CPU-Z Isn't Good For Benchmarking CPUs According To New Study

Stock image of a CPU.

CPU-Z is an app that shows a PC's hardware specifications, providing in-depth details about the CPU in particular. It also comes with a CPU benchmark, and although it's not nearly as popular as Cinebench, it's still popped up in some reviews and even AMD's marketing slides. However, technical analysis site Chips and Cheese has found that CPU-Z's benchmark just isn't perfect for evaluating the best CPUs.

CPU benchmarks can test lots of different things because there's so much to a CPU on a microscopic level, and so other benchmarks give different rankings. But what a benchmark doesn't test can also be necessary, and that's the critical issue with CPU-Z's benchmark, according to Chips and Cheese, as it doesn't adequately test cache or branch prediction.

The cache is a small amount of memory integrated into processors to lower the time spent communicating with RAM, which is much slower. The CPU-Z benchmark is less than 32KB large, which fits into the L1 (first level) cache of even old CPUs.
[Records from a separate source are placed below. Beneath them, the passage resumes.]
section \<open>Sums of rank-one projectors\<close>

lemma mult_proj_mult_adjoint:
  assumes A: "A \<in> carrier_mat n n" and u: "u \<in> carrier_vec n"
  shows "A * proj u * mat_adjoint A = proj (A *\<^sub>v u)"
proof (rule eq_matI)
  fix i j assume "i < dim_row (proj (A *\<^sub>v u))" and "j < dim_col (proj (A *\<^sub>v u))"
  then have i: "i < n" and j: "j < n" using A by (auto simp: proj_def)
  have Au: "(A *\<^sub>v u) $ k = (\<Sum>l<n. A $$ (k,l) * u $ l)" if "k < n" for k
    using A u that by (simp add: mult_mat_vec_def scalar_prod_def atLeast0LessThan row_def)
  have AP: "(A * proj u) $$ (i,l) = (A *\<^sub>v u) $ i * cnj (u $ l)" if "l < n" for l
    using A u i that
    by (simp add: proj_def scalar_prod_def atLeast0LessThan row_def col_def Au sum_distrib_right mult.assoc)
  have "(A * proj u * mat_adjoint A) $$ (i,j) = (\<Sum>l<n. (A * proj u) $$ (i,l) * cnj (A $$ (j,l)))"
    using A u i j by (simp add: mat_adjoint_altdef scalar_prod_def proj_def atLeast0LessThan)
  also have "\<dots> = (A *\<^sub>v u) $ i * cnj ((A *\<^sub>v u) $ j)"
    by (simp add: AP Au[OF j] sum_distrib_left mult_ac)
  finally show "(A * proj u * mat_adjoint A) $$ (i,j) = proj (A *\<^sub>v u) $$ (i,j)"
    using A i j by (simp add: proj_def)
qed (use A u in \<open>auto simp: proj_def mat_adjoint_altdef\<close>)

definition proj_sum :: "nat \<Rightarrow> nat \<Rightarrow> (nat \<Rightarrow> complex vec) \<Rightarrow> complex mat" where
  "proj_sum n k W = mat n n (\<lambda>(i,j). \<Sum>m<k. W m $ i * cnj (W m $ j))"

lemma proj_sum_carrier: "proj_sum n k W \<in> carrier_mat n n"
  by (simp add: proj_sum_def)

lemma proj_sum_mult_vec:
  assumes z: "z \<in> carrier_vec n" and W: "\<And>m. m < k \<Longrightarrow> W m \<in> carrier_vec n"
  shows "proj_sum n k W *\<^sub>v z = vec n (\<lambda>i. \<Sum>m<k. (z \<bullet>c W m) * W m $ i)"
proof (rule eq_vecI)
  fix i assume "i < dim_vec (vec n (\<lambda>i. \<Sum>m<k. (z \<bullet>c W m) * W m $ i))"
  then have i: "i < n" by simp
  have "(proj_sum n k W *\<^sub>v z) $ i = (\<Sum>j<n. \<Sum>m<k. W m $ i * cnj (W m $ j) * z $ j)"
    using z i
    by (simp add: proj_sum_def mult_mat_vec_def scalar_prod_def row_def atLeast0LessThan sum_distrib_right)
  also have "\<dots> = (\<Sum>m<k. (z \<bullet>c W m) * W m $ i)"
    by (subst sum.swap) (simp add: cscalar_prod_altdef[OF W] sum_distrib_left mult_ac)
  finally show "(proj_sum n k W *\<^sub>v z) $ i = vec n (\<lambda>i. \<Sum>m<k. (z \<bullet>c W m) * W m $ i) $ i"
    using i by simp
qed (simp add: proj_sum_def)

lemma proj_sum_quadratic_form:
  assumes z: "z \<in> carrier_vec n" and W: "\<And>m. m < k \<Longrightarrow> W m \<in> carrier_vec n"
  shows "(proj_sum n k W *\<^sub>v z) \<bullet>c z = of_real (\<Sum>m<k. (cmod (z \<bullet>c W m))\<^sup>2)"
proof -
  have "(proj_sum n k W *\<^sub>v z) \<bullet>c z = (\<Sum>i<n. (\<Sum>m<k. (z \<bullet>c W m) * W m $ i) * cnj (z $ i))"
    using z by (simp add: proj_sum_mult_vec[OF z W] cscalar_prod_altdef[OF z])
  also have "\<dots> = (\<Sum>m<k. (z \<bullet>c W m) * cnj (z \<bullet>c W m))"
    by (subst sum_distrib_right, subst sum.swap)
      (simp add: cscalar_prod_altdef[OF W] sum_distrib_left mult_ac)
  finally show ?thesis by (simp add: complex_norm_square del: of_real_power)
qed

lemma eigenvalue_proj_sum_le:
  assumes ev: "eigenvalue (proj_sum n k W) e"
    and W: "\<And>m. m < k \<Longrightarrow> W m \<in> carrier_vec n"
    and bound: "\<And>z. z \<in> carrier_vec n \<Longrightarrow>
      (\<Sum>m<k. (cmod (z \<bullet>c W m))\<^sup>2) \<le> \<mu> * (\<Sum>i<n. (cmod (z $ i))\<^sup>2)"
  shows "Re e \<le> \<mu>"
proof -
  obtain z where z: "z \<in> carrier_vec n" "z \<noteq> 0\<^sub>v n" "proj_sum n k W *\<^sub>v z = e \<cdot>\<^sub>v z"
    using ev proj_sum_carrier[of n k W] unfolding eigenvalue_def eigenvector_def by auto
  define N where "N = (\<Sum>i<n. (cmod (z $ i))\<^sup>2)"
  obtain i where "i < n" "z $ i \<noteq> 0"
    using z(1,2) by (metis carrier_vecD eq_vecI index_zero_vec(1,2))
  then have N: "0 < N" unfolding N_def by (intro sum_pos2[of _ i]) auto
  have "of_real (\<Sum>m<k. (cmod (z \<bullet>c W m))\<^sup>2) = (proj_sum n k W *\<^sub>v z) \<bullet>c z"
    by (rule proj_sum_quadratic_form[of z n k W, OF z(1) W, symmetric])
  also have "\<dots> = (e \<cdot>\<^sub>v z) \<bullet>c z"
    using z(3) by simp
  also have "\<dots> = e * (z \<bullet>c z)"
    using z(1) by (simp add: scalar_prod_def sum_distrib_left mult.assoc)
  also have "\<dots> = e * of_real N"
    using z(1) by (simp add: cscalar_prod_self N_def)
  finally have "Re (of_real (\<Sum>m<k. (cmod (z \<bullet>c W m))\<^sup>2)) = Re (e * of_real N)"
    by (rule arg_cong)
  then have "Re e * N = (\<Sum>m<k. (cmod (z \<bullet>c W m))\<^sup>2)"
    by (simp del: of_real_sum of_real_power)
  then show ?thesis
    using bound[OF z(1), folded N_def] N by (metis mult_le_cancel_right_pos)
qed

lemma lambda_max_eqI:
  assumes A: "A \<in> carrier_mat n n" and ev: "eigenvalue A (of_real \<mu>)"
    and bound: "\<And>e. eigenvalue A e \<Longrightarrow> Re e \<le> \<mu>"
  shows "lambda_max A = \<mu>"
proof -
  have "char_poly A \<noteq> 0" using degree_monic_char_poly[OF A] by auto
  then have "finite {e. poly (char_poly A) e = 0}" by (rule poly_roots_finite)
  then have "finite {e. eigenvalue A e}" using eigenvalue_root_char_poly[OF A] by simp
  then show ?thesis unfolding lambda_max_def
    by (intro Max_eqI) (use ev bound in \<open>auto intro!: image_eqI[of _ Re "of_real \<mu>"]\<close>)
qed

section \<open>Schmidt-diagonal vectors\<close>

definition diag_vec :: "nat \<Rightarrow> (nat \<Rightarrow> complex) \<Rightarrow> complex vec" where
  "diag_vec d g = vec (d*d) (\<lambda>k. if k div d = k mod d then g (k mod d) else 0)"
While technically very efficient, it also makes for a benchmark that can't stress a CPU's cache, so CPUs with better cache don't score any better.

Branch prediction is the process of a chip attempting to guess upcoming tasks. Correct predictions mean faster execution, while wrong predictions lose time. In CPU-Z, Chips and Cheese found that even the infamous FX-8150 Bulldozer CPU had a branch prediction success rate of 95%. That's pretty generous for a CPU that received universally bad reviews when it launched in 2011.

It's not just Chips and Cheese that thinks cache and branch prediction performance is essential, as the report quotes Jim Keller in the conclusion. The legendary engineer in 2021 claimed some of the most significant limitations on performance today are "branch predictability and data locality." With the latest AMD and Intel CPUs bulking up in cache to keep data as accessible to the CPU as possible, Keller is probably right.